-- Opening Marker --

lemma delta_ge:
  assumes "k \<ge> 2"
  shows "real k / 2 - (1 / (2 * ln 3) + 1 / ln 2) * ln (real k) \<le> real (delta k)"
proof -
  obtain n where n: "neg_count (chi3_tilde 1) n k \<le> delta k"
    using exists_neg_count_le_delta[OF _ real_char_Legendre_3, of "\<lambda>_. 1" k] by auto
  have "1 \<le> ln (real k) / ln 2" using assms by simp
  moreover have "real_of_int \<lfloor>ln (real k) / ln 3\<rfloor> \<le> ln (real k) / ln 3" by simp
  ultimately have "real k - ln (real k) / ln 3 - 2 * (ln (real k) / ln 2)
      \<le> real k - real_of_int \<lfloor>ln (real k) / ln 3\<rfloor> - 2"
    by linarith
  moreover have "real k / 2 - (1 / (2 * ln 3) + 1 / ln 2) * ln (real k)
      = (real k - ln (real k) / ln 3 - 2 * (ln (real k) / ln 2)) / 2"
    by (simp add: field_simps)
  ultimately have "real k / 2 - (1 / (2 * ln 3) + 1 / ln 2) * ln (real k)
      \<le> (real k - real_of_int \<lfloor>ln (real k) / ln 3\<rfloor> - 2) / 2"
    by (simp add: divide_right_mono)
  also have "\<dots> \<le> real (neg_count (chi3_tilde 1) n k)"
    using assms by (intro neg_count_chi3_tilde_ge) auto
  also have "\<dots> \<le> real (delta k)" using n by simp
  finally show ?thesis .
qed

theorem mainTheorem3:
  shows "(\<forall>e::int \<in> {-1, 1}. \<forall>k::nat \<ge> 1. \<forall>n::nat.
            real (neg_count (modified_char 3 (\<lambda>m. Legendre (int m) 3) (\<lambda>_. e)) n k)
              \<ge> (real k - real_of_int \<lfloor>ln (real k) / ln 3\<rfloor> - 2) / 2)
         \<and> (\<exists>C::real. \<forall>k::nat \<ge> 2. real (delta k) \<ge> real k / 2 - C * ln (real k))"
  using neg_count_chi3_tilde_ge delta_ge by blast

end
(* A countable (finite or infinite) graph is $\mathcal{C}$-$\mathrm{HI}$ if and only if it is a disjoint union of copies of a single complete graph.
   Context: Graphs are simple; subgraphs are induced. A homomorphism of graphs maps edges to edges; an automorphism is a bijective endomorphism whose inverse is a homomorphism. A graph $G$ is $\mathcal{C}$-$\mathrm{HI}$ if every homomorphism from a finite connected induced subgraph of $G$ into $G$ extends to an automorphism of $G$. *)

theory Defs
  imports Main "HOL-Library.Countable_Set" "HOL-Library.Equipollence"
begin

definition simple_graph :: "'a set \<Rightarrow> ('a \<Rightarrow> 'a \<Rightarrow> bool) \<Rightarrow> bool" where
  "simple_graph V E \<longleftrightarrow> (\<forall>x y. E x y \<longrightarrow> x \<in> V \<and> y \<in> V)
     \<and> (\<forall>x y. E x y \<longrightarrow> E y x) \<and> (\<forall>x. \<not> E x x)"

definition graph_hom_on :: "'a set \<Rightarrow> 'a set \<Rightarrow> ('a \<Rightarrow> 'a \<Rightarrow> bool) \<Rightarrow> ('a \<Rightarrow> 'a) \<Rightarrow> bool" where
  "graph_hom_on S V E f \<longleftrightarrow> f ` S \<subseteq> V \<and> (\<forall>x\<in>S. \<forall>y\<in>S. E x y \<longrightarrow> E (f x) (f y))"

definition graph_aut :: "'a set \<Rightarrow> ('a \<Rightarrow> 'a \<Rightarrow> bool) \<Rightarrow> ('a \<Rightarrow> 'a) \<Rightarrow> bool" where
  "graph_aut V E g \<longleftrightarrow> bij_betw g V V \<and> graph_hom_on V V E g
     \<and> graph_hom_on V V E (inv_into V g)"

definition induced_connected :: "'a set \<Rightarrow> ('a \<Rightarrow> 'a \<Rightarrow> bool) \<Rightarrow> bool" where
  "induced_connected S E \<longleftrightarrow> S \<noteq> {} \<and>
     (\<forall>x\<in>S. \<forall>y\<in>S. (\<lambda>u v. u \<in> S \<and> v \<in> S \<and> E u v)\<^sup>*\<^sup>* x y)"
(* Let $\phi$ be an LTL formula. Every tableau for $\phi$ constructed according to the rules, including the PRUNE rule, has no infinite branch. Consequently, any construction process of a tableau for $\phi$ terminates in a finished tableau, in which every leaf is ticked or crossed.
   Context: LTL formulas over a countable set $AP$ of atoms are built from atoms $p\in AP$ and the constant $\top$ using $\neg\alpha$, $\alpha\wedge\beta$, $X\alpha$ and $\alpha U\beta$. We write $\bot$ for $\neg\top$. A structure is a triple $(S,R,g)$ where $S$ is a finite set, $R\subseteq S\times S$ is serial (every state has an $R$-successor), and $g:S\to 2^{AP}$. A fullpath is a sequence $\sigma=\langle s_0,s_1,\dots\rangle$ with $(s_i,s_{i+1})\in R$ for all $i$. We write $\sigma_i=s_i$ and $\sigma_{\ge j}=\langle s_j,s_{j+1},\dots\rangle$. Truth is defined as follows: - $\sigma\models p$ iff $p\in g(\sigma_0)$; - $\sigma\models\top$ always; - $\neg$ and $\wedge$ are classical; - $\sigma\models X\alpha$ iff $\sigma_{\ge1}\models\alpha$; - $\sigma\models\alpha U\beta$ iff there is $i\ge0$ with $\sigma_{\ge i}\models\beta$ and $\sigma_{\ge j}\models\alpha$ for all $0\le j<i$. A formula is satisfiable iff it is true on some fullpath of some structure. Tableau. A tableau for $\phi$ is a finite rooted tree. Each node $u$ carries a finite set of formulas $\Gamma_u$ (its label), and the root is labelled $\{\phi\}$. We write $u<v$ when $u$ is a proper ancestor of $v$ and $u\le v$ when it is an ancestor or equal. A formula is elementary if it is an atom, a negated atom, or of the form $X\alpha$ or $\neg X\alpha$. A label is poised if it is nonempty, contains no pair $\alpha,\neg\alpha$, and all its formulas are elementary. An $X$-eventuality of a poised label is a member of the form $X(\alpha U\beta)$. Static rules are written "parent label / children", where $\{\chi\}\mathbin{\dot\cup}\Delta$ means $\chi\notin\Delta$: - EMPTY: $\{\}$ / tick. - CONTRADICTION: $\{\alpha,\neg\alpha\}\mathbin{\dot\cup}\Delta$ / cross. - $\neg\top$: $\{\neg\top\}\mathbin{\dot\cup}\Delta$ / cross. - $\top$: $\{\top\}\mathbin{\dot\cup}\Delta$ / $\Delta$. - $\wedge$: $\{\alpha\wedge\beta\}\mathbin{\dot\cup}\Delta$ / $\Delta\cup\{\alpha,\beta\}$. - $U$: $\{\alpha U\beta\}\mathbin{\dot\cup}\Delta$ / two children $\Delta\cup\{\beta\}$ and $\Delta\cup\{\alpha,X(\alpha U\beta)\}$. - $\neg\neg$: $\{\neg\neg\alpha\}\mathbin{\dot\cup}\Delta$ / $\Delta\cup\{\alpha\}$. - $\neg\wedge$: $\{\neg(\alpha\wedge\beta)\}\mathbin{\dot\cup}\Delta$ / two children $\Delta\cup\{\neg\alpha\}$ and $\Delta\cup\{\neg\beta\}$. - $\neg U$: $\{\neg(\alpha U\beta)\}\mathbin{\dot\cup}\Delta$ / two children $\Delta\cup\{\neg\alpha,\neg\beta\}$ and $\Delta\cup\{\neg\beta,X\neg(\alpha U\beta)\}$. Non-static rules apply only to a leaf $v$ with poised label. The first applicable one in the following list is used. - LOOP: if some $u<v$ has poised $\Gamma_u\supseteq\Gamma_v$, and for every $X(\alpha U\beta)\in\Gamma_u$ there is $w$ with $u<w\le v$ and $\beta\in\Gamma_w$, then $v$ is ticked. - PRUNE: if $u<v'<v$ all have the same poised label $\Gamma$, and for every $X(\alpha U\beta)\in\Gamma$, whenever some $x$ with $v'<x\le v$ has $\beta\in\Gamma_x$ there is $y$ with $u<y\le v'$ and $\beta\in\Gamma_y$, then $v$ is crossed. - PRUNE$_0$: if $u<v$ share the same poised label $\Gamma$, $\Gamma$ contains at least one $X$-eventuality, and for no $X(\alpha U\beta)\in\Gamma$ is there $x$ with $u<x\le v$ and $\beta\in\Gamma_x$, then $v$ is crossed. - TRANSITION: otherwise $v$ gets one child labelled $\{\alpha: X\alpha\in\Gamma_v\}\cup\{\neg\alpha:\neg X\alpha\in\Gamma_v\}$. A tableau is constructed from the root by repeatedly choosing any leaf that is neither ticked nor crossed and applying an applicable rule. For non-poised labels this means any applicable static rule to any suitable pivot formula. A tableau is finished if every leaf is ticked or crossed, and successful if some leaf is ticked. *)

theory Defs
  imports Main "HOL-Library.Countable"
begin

-- Closing Marker --
-- Opening Marker --

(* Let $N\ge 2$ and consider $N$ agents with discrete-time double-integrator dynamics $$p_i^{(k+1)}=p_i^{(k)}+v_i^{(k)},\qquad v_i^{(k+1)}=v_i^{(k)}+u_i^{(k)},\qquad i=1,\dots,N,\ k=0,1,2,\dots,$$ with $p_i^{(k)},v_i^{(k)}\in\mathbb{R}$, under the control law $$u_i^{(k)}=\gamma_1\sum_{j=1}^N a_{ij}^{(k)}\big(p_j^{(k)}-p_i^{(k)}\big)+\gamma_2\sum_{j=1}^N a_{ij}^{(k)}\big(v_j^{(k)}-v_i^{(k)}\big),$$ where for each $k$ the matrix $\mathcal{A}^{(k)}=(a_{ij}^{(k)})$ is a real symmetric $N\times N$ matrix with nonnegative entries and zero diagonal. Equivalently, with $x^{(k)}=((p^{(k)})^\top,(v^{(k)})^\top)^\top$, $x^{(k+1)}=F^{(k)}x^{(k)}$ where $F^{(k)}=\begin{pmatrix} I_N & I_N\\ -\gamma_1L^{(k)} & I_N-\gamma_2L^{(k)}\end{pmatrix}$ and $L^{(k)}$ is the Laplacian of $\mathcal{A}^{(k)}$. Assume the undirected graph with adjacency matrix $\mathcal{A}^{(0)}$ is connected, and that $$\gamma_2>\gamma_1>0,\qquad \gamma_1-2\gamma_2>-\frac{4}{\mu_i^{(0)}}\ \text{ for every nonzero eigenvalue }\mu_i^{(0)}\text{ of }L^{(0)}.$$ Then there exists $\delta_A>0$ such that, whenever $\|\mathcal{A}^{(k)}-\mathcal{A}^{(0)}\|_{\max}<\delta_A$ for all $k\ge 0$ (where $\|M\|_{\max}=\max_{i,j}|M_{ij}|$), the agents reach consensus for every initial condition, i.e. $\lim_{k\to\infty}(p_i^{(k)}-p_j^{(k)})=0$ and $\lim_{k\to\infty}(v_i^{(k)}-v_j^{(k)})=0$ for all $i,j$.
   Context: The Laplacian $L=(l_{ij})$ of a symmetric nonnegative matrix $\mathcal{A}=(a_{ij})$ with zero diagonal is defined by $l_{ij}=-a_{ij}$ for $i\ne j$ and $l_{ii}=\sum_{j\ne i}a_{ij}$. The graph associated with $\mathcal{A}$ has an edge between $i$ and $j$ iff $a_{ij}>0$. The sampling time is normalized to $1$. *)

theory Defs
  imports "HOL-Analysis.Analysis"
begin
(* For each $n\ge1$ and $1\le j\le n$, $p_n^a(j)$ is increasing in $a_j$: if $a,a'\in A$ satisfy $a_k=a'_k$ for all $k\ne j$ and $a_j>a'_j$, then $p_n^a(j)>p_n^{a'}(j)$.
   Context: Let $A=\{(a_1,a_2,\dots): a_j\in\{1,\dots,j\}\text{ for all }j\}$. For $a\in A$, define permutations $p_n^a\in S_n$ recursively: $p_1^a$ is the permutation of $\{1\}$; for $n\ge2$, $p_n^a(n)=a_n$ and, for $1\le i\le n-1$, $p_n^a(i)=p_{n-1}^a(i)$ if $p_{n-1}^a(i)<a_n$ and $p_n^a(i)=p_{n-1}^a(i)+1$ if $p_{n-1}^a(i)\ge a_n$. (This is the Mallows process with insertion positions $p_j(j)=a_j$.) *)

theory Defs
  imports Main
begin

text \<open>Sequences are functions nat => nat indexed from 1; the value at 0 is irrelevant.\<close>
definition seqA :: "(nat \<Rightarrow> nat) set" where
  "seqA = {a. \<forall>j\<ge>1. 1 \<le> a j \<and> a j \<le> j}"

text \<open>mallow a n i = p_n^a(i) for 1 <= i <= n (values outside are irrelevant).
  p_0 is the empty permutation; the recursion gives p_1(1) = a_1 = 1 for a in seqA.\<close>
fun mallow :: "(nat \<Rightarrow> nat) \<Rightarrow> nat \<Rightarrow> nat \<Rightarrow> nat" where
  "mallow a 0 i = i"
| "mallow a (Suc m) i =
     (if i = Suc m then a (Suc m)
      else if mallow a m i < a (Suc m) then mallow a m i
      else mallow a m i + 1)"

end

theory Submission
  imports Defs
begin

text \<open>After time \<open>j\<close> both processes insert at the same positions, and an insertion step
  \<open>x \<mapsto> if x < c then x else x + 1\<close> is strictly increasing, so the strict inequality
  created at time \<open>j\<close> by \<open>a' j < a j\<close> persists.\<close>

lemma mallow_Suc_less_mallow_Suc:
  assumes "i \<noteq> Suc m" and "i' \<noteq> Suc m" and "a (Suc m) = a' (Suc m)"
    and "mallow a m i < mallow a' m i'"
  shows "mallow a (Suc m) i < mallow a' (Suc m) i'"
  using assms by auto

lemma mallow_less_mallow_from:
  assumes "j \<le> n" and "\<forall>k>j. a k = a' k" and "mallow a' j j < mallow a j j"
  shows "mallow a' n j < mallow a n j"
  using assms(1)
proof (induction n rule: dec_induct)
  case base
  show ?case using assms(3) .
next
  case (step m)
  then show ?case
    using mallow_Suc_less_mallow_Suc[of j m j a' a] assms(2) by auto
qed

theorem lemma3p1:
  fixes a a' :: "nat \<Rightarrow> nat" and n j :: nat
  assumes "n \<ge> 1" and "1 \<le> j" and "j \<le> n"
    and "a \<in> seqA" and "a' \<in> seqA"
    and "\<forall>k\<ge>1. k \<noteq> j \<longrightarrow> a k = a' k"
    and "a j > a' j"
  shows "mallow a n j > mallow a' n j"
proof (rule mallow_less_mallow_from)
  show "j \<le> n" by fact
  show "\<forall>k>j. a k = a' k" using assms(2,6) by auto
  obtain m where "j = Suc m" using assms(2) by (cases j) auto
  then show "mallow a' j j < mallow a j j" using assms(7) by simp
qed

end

-- Closing Marker --
-- Opening Marker --

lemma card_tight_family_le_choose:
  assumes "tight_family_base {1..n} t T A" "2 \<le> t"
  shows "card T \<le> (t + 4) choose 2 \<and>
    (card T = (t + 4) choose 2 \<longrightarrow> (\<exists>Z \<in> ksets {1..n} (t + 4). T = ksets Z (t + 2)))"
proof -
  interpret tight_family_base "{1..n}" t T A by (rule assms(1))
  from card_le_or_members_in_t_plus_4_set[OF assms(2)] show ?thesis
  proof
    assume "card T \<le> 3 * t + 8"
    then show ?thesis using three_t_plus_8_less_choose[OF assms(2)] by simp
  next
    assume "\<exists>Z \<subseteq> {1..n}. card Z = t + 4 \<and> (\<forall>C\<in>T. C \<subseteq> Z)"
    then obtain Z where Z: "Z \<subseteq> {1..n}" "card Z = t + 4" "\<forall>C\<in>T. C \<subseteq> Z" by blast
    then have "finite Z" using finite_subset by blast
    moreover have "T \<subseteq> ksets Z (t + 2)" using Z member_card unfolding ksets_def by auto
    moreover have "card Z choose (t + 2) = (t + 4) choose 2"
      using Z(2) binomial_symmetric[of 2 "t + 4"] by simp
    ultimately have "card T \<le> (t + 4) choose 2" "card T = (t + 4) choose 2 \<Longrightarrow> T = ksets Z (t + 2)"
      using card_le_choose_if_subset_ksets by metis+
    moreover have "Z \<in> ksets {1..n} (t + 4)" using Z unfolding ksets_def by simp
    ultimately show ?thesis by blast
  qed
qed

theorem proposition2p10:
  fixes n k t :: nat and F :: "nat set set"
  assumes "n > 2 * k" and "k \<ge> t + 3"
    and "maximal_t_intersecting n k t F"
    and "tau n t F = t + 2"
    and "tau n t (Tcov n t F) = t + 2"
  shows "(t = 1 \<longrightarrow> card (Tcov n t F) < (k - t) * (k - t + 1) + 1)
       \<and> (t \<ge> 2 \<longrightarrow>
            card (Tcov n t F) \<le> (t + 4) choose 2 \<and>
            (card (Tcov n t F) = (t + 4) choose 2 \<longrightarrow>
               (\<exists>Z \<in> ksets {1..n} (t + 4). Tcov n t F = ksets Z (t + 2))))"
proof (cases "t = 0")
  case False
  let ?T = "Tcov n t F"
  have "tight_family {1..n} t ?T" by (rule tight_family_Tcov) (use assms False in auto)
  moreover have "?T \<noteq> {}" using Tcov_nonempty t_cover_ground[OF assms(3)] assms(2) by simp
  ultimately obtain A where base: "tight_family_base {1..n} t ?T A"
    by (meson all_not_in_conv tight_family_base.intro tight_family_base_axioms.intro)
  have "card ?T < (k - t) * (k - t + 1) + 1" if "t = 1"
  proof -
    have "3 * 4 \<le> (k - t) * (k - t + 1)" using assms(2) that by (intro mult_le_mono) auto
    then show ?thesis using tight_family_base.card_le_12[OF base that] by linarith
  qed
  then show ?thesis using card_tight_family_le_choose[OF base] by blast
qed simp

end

-- Closing Marker --

• **Work order**
Return a copy of each line of the material that holds the word "positions".

• **Solved problem**
   Context: Let $A=\{(a_1,a_2,\dots): a_j\in\{1,\dots,j\}\text{ for all }j\}$. For $a\in A$, define permutations $p_n^a\in S_n$ recursively: $p_1^a$ is the permutation of $\{1\}$; for $n\ge2$, $p_n^a(n)=a_n$ and, for $1\le i\le n-1$, $p_n^a(i)=p_{n-1}^a(i)$ if $p_{n-1}^a(i)<a_n$ and $p_n^a(i)=p_{n-1}^a(i)+1$ if $p_{n-1}^a(i)\ge a_n$. (This is the Mallows process with insertion positions $p_j(j)=a_j$.) *)
text \<open>After time \<open>j\<close> both processes insert at the same positions, and an insertion step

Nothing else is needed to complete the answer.